While an account of guilty feelings may be useful, for my purposes I will only concern myself with a second sense of guilt. In this sense, guilt refers to an objective state-of-affairs. In virtue of an agent’s moral failings, he has done something wrong, and as such, deserves appropriate blame and just punishment. The guilty person in this sense may not recognize or admit guilt, but the objective fact of their guilt remains nonetheless. Guilty feelings may or may not accompany the agent’s actions, but they’re not necessary in order to levy some punishment against an objectively guilty person.

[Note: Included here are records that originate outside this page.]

lemma ultrapower_ops:
  assumes A: "is_alg ar A" and gs: "set gs \<subseteq> carr (power_alg A I)" and len: "length gs = ar f"
  shows "ops (ultrapower A I U) f (map (up_class A I U) gs) = up_class A I U (ops (power_alg A I) f gs)"
proof -
  let ?P = "power_alg A I"
  define hs where "hs = map (\<lambda>g. SOME h. h \<in> up_class A I U g) gs"
  have rep: "(SOME h. h \<in> up_class A I U g) \<in> carr ?P
      \<and> {i \<in> I. g i = (SOME h. h \<in> up_class A I U g) i} \<in> U" if "g \<in> carr ?P" for g
  proof -
    have "g \<in> up_class A I U g"
      using that ultrafilter_on_top[OF ultra] unfolding up_class_def by simp
    then have "(SOME h. h \<in> up_class A I U g) \<in> up_class A I U g"
      by (rule someI[where P = "\<lambda>h. h \<in> up_class A I U g"])
    then show ?thesis
      unfolding up_class_def by simp
  qed
  have hs: "set hs \<subseteq> carr ?P" and "length hs = ar f"
    using gs rep len unfolding hs_def by auto
  have "list_all2 (\<lambda>g h. {i \<in> I. g i = h i} \<in> U) gs hs"
    using gs rep unfolding hs_def by (auto simp: list_all2_map2 list_all2_same)
  then have "{i \<in> I. ops ?P f gs i = ops ?P f hs i} \<in> U"
    by (rule ultrafilter_on_mono[OF ultra ultrafilter_agree_map]) (auto simp: power_alg_def)
  moreover have "ops ?P f gs \<in> carr ?P" and "ops ?P f hs \<in> carr ?P"
    using is_alg_power_alg[OF A] gs hs len \<open>length hs = ar f\<close> unfolding is_alg_def by auto
  ultimately have "up_class A I U (ops ?P f gs) = up_class A I U (ops ?P f hs)"
    using up_class_eq by simp
  moreover have "ops (ultrapower A I U) f (map (up_class A I U) gs) = up_class A I U (ops ?P f hs)"
    by (simp add: ultrapower_def hs_def comp_def)
  ultimately show ?thesis
    by simp
qed

lemma hom_up_class:
  assumes "is_alg ar A"
  shows "hom ar (power_alg A I) (ultrapower A I U) (up_class A I U)"
  unfolding hom_def using ultrapower_ops[OF assms] by (simp add: ultrapower_def)

end

lemma not_in_Rad_ultrapower:
  assumes A: "is_alg ar A" and ultra: "ultrafilter_on I U"
    and points: "\<forall>j\<in>I. \<forall>i<n. a j i \<in> carr A"
    and solutions: "\<forall>(s,t)\<in>S. {j \<in> I. eval A (a j) s = eval A (a j) t} \<in> U"
    and separating: "\<forall>j\<in>I. eval A (a j) p \<noteq> eval A (a j) q"
    and S: "S \<subseteq> tpairs ar n"
  shows "(p,q) \<notin> Rad ar (ultrapower A I U) n S"
proof
  let ?P = "power_alg A I"
  let ?UP = "ultrapower A I U"
  assume pq: "(p,q) \<in> Rad ar ?UP n S"
  define G where "G i = (\<lambda>j. if j \<in> I then a j i else undefined)" for i
  define x where "x = (\<lambda>i. up_class A I U (G i))"
  have G: "\<forall>i<n. G i \<in> carr ?P"
    using points by (simp add: G_def power_alg_def)
  then have x: "\<forall>i<n. x i \<in> carr ?UP"
    by (simp add: x_def ultrapower_def)
  have agree: "eval ?UP x s = eval ?UP x t \<longleftrightarrow> {j \<in> I. eval A (a j) s = eval A (a j) t} \<in> U"
    if "wf_trm ar n s" and "wf_trm ar n t" for s t
  proof -
    have coord: "eval ?P G u j = eval A (a j) u" if "j \<in> I" for j u
      using eval_power_alg[OF that, of A G u] that by (simp add: G_def)
    have "eval ?UP x u = up_class A I U (eval ?P G u)" if "wf_trm ar n u" for u
      using hom_eval[OF is_alg_power_alg[OF A] hom_up_class[OF ultra A] G that] by (simp add: x_def)
    moreover have "{j \<in> I. eval ?P G s j = eval ?P G t j} = {j \<in> I. eval A (a j) s = eval A (a j) t}"
      using coord by auto
    ultimately show ?thesis
      using up_class_eq[OF ultra eval_in_carr[OF is_alg_power_alg[OF A] G that(1)]
          eval_in_carr[OF is_alg_power_alg[OF A] G that(2)]] that by simp
  qed
  have "\<forall>(s,t)\<in>S. eval ?UP x s = eval ?UP x t"
  proof clarify
    fix s t assume "(s,t) \<in> S"
    then have "wf_trm ar n s" "wf_trm ar n t" "{j \<in> I. eval A (a j) s = eval A (a j) t} \<in> U"
      using S solutions unfolding tpairs_def by auto
    then show "eval ?UP x s = eval ?UP x t"
      using agree by simp
  qed
  then have "eval ?UP x p = eval ?UP x q"
    by (rule RadD[OF pq x])
  then have "{j \<in> I. eval A (a j) p = eval A (a j) q} \<in> U"
    using agree Rad_wf[OF pq] by simp
  moreover have "{j \<in> I. eval A (a j) p = eval A (a j) q} = {}"
    using separating by auto
  ultimately show False
    using ultrafilter_on_empty[OF ultra] by simp
qed

lemma ultrapower_not_geom_equiv:
  fixes A :: "('f,'a) alg"
  assumes A: "is_alg ar A" and "n \<ge> 1" and S: "S \<subseteq> tpairs ar n"
    and pq: "(p,q) \<in> Rad ar A n S" and not_fin: "(p,q) \<notin> fin_Rad ar A n S"
  shows "\<exists>U. ultrafilter_on {T. T \<subseteq> S \<and> finite T} U
           \<and> \<not> geom_equiv ar A (ultrapower A {T. T \<subseteq> S \<and> finite T} U)"
proof -
  let ?I = "{T. T \<subseteq> S \<and> finite T}"
  have "\<forall>T\<in>?I. \<exists>d. (\<forall>i<n. d i \<in> carr A) \<and> (\<forall>(s,t)\<in>T. eval A d s = eval A d t)
      \<and> eval A d p \<noteq> eval A d q"
  proof (rule ballI, rule ccontr)
    fix T assume "T \<in> ?I"
    assume no_witness: "\<nexists>d. (\<forall>i<n. d i \<in> carr A) \<and> (\<forall>(s,t)\<in>T. eval A d s = eval A d t)
      \<and> eval A d p \<noteq> eval A d q"
    have "(p,q) \<in> Rad ar A n T"
      using Rad_wf[OF pq] no_witness by (intro RadI) blast+
    with \<open>T \<in> ?I\<close> not_fin show False
      unfolding fin_Rad_iff by blast
  qed
  from bchoice[OF this] obtain a where a: "\<forall>T\<in>?I. (\<forall>i<n. a T i \<in> carr A)
      \<and> (\<forall>(s,t)\<in>T. eval A (a T) s = eval A (a T) t) \<and> eval A (a T) p \<noteq> eval A (a T) q" ..
  from ultrafilter_finite_subsets[of S] obtain U
    where U: "ultrafilter_on ?I U" and cones: "\<forall>x\<in>S. {T. T \<subseteq> S \<and> finite T \<and> x \<in> T} \<in> U"
    by (elim exE conjE)
  have "(p,q) \<notin> Rad ar (ultrapower A ?I U) n S"
  proof (rule not_in_Rad_ultrapower[OF A U _ _ _ S])
    show "\<forall>T\<in>?I. \<forall>i<n. a T i \<in> carr A" and "\<forall>T\<in>?I. eval A (a T) p \<noteq> eval A (a T) q"
      using a by blast+
    show "\<forall>(s,t)\<in>S. {T \<in> ?I. eval A (a T) s = eval A (a T) t} \<in> U"
    proof clarify
      fix s t assume "(s,t) \<in> S"
      then show "{T \<in> ?I. eval A (a T) s = eval A (a T) t} \<in> U"
        using cones a by (rule_tac ultrafilter_on_mono[OF U]) auto
    qed
  qed
  with pq have "Rad ar A n S \<noteq> Rad ar (ultrapower A ?I U) n S"
    by blast
  with U S \<open>n \<ge> 1\<close> show ?thesis
    unfolding geom_equiv_def by blast
qed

Indeed, punishment is one of the things that distinguishes the rational ought from the moral ought. I may have a rational obligation to hold that 2 + 2 = 4, but if I fail to live up to it I’m not subject to punishment. However, if I fail to fulfill my moral obligation not to abuse young children, then appropriate punishment seems clearly justified. Rational wrongs require a correction of the error, while moral wrongs require the correction, or punishment, of the person.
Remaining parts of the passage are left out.